Segment Open

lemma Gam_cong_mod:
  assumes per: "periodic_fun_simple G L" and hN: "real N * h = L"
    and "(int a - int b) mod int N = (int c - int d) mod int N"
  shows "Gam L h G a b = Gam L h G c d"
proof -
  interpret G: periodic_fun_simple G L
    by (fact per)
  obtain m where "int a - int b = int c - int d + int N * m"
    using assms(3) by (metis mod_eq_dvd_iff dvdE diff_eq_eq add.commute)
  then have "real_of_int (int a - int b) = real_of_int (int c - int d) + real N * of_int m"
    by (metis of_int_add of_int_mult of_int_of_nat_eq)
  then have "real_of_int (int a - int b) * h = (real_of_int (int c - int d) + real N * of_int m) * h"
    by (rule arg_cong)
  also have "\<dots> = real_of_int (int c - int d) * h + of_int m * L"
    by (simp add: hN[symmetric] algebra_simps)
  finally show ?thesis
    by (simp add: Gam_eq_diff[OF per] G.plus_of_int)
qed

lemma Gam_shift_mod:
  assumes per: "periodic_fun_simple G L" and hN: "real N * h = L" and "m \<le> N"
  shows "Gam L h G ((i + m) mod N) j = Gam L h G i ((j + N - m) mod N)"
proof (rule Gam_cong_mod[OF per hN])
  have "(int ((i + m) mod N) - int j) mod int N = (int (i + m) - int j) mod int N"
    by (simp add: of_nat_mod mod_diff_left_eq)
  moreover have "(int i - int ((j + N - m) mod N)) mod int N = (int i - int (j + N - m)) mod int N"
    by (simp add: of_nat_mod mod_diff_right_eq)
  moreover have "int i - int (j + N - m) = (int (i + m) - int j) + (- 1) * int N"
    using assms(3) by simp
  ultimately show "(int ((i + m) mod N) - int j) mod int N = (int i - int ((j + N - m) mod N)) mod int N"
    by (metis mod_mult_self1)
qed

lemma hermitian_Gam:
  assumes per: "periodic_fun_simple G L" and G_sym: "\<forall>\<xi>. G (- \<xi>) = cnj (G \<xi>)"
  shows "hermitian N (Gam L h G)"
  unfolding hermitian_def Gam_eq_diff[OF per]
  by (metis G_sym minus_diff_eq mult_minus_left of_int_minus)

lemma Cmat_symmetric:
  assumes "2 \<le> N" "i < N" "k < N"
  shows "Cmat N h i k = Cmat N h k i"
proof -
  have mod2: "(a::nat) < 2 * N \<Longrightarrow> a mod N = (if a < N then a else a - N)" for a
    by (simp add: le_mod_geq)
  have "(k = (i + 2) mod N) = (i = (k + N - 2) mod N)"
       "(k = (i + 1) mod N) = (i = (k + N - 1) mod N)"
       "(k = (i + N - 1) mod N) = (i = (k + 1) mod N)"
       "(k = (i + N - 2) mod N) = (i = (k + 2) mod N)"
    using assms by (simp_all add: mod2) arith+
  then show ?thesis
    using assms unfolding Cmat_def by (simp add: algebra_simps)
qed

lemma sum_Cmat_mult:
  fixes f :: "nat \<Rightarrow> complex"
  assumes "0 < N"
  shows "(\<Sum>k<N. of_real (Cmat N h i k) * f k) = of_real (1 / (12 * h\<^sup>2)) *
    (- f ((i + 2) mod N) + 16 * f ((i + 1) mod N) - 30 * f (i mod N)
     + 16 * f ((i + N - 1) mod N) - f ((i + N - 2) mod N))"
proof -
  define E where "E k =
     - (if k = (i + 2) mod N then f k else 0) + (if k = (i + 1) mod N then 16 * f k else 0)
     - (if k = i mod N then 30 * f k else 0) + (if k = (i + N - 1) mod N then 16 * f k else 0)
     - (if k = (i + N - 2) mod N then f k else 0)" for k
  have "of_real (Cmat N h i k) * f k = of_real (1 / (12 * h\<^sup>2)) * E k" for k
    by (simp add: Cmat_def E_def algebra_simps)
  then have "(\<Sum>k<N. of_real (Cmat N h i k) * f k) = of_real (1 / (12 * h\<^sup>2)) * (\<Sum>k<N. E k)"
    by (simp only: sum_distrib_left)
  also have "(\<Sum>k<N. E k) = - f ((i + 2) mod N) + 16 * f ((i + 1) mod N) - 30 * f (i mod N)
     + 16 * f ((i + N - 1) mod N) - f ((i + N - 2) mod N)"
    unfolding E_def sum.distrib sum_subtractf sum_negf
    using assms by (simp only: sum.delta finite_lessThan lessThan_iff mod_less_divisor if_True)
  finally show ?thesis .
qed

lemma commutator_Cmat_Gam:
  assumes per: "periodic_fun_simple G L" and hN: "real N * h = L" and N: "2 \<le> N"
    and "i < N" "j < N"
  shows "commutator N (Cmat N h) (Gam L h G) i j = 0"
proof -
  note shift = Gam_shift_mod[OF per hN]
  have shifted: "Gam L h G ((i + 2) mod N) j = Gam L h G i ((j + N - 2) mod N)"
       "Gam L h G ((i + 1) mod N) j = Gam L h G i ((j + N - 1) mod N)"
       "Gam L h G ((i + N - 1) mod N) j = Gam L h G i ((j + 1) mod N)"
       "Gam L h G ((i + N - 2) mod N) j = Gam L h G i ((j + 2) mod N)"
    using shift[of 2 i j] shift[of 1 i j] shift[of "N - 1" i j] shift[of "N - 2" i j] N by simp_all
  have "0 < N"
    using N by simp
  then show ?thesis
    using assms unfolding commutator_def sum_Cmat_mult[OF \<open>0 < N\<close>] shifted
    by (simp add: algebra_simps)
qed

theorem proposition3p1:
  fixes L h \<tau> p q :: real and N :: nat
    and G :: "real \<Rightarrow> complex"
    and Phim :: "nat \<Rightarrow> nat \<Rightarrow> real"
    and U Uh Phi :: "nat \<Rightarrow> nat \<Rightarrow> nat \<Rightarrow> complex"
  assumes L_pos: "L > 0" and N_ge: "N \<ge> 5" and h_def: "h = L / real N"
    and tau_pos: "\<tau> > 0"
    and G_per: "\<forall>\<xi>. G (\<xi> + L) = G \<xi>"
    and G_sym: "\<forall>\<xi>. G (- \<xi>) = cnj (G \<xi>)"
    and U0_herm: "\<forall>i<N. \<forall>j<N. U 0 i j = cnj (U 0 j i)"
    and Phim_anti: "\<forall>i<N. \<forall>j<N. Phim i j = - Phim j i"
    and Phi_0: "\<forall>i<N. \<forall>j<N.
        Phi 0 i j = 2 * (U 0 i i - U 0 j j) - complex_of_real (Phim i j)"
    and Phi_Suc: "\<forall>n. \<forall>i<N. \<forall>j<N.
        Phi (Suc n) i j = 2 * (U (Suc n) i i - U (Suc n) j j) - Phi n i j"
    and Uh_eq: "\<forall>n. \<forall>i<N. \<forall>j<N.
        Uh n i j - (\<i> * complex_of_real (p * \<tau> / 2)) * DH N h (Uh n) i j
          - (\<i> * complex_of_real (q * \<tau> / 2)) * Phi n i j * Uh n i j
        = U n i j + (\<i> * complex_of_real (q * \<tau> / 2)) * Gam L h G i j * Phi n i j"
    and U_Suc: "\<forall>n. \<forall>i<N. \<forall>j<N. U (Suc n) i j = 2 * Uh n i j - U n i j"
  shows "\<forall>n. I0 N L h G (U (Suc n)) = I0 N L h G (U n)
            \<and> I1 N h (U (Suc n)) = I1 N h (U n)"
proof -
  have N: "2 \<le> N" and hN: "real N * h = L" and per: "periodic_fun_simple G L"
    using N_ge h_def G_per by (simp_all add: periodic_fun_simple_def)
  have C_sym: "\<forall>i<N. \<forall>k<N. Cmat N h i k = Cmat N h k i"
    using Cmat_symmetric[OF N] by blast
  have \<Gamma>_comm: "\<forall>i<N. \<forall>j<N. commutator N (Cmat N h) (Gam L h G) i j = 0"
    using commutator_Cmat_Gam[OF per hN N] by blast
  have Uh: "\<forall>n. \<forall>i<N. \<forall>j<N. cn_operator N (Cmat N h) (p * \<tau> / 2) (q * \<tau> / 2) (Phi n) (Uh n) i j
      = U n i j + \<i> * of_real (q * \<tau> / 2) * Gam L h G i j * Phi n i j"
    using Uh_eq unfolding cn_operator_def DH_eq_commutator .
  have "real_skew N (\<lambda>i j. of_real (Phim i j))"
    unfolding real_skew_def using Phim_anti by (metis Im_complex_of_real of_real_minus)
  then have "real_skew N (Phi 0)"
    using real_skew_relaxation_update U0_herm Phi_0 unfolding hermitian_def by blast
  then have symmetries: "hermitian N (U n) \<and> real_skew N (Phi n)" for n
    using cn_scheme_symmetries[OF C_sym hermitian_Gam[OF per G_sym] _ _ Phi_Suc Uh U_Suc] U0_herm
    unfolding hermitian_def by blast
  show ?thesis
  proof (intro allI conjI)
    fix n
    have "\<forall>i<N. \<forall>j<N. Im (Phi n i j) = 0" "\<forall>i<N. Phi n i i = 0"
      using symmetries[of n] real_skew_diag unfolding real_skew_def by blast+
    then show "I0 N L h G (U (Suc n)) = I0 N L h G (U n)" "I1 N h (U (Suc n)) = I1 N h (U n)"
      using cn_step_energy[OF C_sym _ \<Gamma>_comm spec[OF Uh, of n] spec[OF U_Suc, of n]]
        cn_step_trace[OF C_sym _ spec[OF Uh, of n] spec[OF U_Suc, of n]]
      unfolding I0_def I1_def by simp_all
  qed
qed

Segment Closed

- **INSTRUCTIONS TO FOLLOW**:
From the listing, reproduce every line where the word "finally" is present.

- **SOLUTION**:
  finally show ?thesis
  finally show ?thesis .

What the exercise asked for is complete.